§ WORK ORDER
Only an exact repetition of the entries counts as an answer.

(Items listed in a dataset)
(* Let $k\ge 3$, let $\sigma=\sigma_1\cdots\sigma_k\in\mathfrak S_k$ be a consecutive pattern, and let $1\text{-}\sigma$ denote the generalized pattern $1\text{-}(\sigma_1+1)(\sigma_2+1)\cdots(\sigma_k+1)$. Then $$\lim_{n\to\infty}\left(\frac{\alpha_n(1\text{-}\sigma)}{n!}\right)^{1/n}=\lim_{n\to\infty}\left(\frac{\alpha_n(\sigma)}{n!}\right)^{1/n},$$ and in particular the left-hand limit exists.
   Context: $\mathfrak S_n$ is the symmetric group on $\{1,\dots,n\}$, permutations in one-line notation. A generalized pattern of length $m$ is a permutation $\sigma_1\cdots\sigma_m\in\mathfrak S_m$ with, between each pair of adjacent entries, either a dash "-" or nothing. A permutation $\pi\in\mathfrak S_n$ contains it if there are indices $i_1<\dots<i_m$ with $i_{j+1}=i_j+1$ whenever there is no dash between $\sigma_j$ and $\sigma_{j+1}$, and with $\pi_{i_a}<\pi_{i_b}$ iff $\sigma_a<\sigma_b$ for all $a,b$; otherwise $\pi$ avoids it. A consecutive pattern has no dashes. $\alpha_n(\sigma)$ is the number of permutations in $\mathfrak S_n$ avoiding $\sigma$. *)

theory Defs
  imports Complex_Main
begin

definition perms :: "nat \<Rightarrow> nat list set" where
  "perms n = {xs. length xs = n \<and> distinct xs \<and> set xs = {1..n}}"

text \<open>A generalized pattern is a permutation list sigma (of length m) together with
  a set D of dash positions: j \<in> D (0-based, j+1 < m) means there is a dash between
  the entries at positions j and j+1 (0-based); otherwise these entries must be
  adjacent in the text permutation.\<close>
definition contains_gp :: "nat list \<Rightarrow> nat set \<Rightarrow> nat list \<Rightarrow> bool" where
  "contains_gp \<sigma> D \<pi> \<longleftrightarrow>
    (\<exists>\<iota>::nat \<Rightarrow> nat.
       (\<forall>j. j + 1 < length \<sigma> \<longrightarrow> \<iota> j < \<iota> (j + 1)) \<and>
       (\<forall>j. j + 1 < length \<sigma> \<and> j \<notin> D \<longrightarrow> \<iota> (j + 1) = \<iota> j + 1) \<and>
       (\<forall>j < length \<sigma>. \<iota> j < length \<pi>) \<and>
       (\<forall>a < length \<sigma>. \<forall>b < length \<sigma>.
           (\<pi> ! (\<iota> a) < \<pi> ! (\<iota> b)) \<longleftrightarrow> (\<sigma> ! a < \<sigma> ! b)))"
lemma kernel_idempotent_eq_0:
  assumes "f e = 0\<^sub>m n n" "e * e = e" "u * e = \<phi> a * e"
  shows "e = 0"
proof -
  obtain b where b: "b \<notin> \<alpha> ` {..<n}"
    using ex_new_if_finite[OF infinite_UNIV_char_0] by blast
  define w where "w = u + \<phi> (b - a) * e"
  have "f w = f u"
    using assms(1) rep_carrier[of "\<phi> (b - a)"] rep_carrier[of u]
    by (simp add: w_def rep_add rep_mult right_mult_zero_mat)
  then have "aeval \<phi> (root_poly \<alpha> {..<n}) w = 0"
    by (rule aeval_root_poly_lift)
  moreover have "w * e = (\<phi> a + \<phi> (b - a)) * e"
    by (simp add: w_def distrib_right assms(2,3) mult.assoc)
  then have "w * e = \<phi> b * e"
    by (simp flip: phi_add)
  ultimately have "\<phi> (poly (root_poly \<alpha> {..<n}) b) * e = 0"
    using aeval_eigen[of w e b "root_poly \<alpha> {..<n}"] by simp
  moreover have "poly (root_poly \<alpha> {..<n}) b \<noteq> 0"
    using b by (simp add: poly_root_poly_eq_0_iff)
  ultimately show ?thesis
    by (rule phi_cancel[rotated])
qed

§ EXERCISE ANSWER
(* Let $k\ge 3$, let $\sigma=\sigma_1\cdots\sigma_k\in\mathfrak S_k$ be a consecutive pattern, and let $1\text{-}\sigma$ denote the generalized pattern $1\text{-}(\sigma_1+1)(\sigma_2+1)\cdots(\sigma_k+1)$. Then $$\lim_{n\to\infty}\left(\frac{\alpha_n(1\text{-}\sigma)}{n!}\right)^{1/n}=\lim_{n\to\infty}\left(\frac{\alpha_n(\sigma)}{n!}\right)^{1/n},$$ and in particular the left-hand limit exists.
   Context: $\mathfrak S_n$ is the symmetric group on $\{1,\dots,n\}$, permutations in one-line notation. A generalized pattern of length $m$ is a permutation $\sigma_1\cdots\sigma_m\in\mathfrak S_m$ with, between each pair of adjacent entries, either a dash "-" or nothing. A permutation $\pi\in\mathfrak S_n$ contains it if there are indices $i_1<\dots<i_m$ with $i_{j+1}=i_j+1$ whenever there is no dash between $\sigma_j$ and $\sigma_{j+1}$, and with $\pi_{i_a}<\pi_{i_b}$ iff $\sigma_a<\sigma_b$ for all $a,b$; otherwise $\pi$ avoids it. A consecutive pattern has no dashes. $\alpha_n(\sigma)$ is the number of permutations in $\mathfrak S_n$ avoiding $\sigma$. *)

theory Defs
  imports Complex_Main
begin

definition perms :: "nat \<Rightarrow> nat list set" where
  "perms n = {xs. length xs = n \<and> distinct xs \<and> set xs = {1..n}}"

text \<open>A generalized pattern is a permutation list sigma (of length m) together with
  a set D of dash positions: j \<in> D (0-based, j+1 < m) means there is a dash between
  the entries at positions j and j+1 (0-based); otherwise these entries must be
  adjacent in the text permutation.\<close>
definition contains_gp :: "nat list \<Rightarrow> nat set \<Rightarrow> nat list \<Rightarrow> bool" where
  "contains_gp \<sigma> D \<pi> \<longleftrightarrow>
    (\<exists>\<iota>::nat \<Rightarrow> nat.
       (\<forall>j. j + 1 < length \<sigma> \<longrightarrow> \<iota> j < \<iota> (j + 1)) \<and>
       (\<forall>j. j + 1 < length \<sigma> \<and> j \<notin> D \<longrightarrow> \<iota> (j + 1) = \<iota> j + 1) \<and>
       (\<forall>j < length \<sigma>. \<iota> j < length \<pi>) \<and>
       (\<forall>a < length \<sigma>. \<forall>b < length \<sigma>.
           (\<pi> ! (\<iota> a) < \<pi> ! (\<iota> b)) \<longleftrightarrow> (\<sigma> ! a < \<sigma> ! b)))"
lemma kernel_idempotent_eq_0:
  assumes "f e = 0\<^sub>m n n" "e * e = e" "u * e = \<phi> a * e"
  shows "e = 0"
proof -
  obtain b where b: "b \<notin> \<alpha> ` {..<n}"
    using ex_new_if_finite[OF infinite_UNIV_char_0] by blast
  define w where "w = u + \<phi> (b - a) * e"
  have "f w = f u"
    using assms(1) rep_carrier[of "\<phi> (b - a)"] rep_carrier[of u]
    by (simp add: w_def rep_add rep_mult right_mult_zero_mat)
  then have "aeval \<phi> (root_poly \<alpha> {..<n}) w = 0"
    by (rule aeval_root_poly_lift)
  moreover have "w * e = (\<phi> a + \<phi> (b - a)) * e"
    by (simp add: w_def distrib_right assms(2,3) mult.assoc)
  then have "w * e = \<phi> b * e"
    by (simp flip: phi_add)
  ultimately have "\<phi> (poly (root_poly \<alpha> {..<n}) b) * e = 0"
    using aeval_eigen[of w e b "root_poly \<alpha> {..<n}"] by simp
  moreover have "poly (root_poly \<alpha> {..<n}) b \<noteq> 0"
    using b by (simp add: poly_root_poly_eq_0_iff)
  ultimately show ?thesis
    by (rule phi_cancel[rotated])
qed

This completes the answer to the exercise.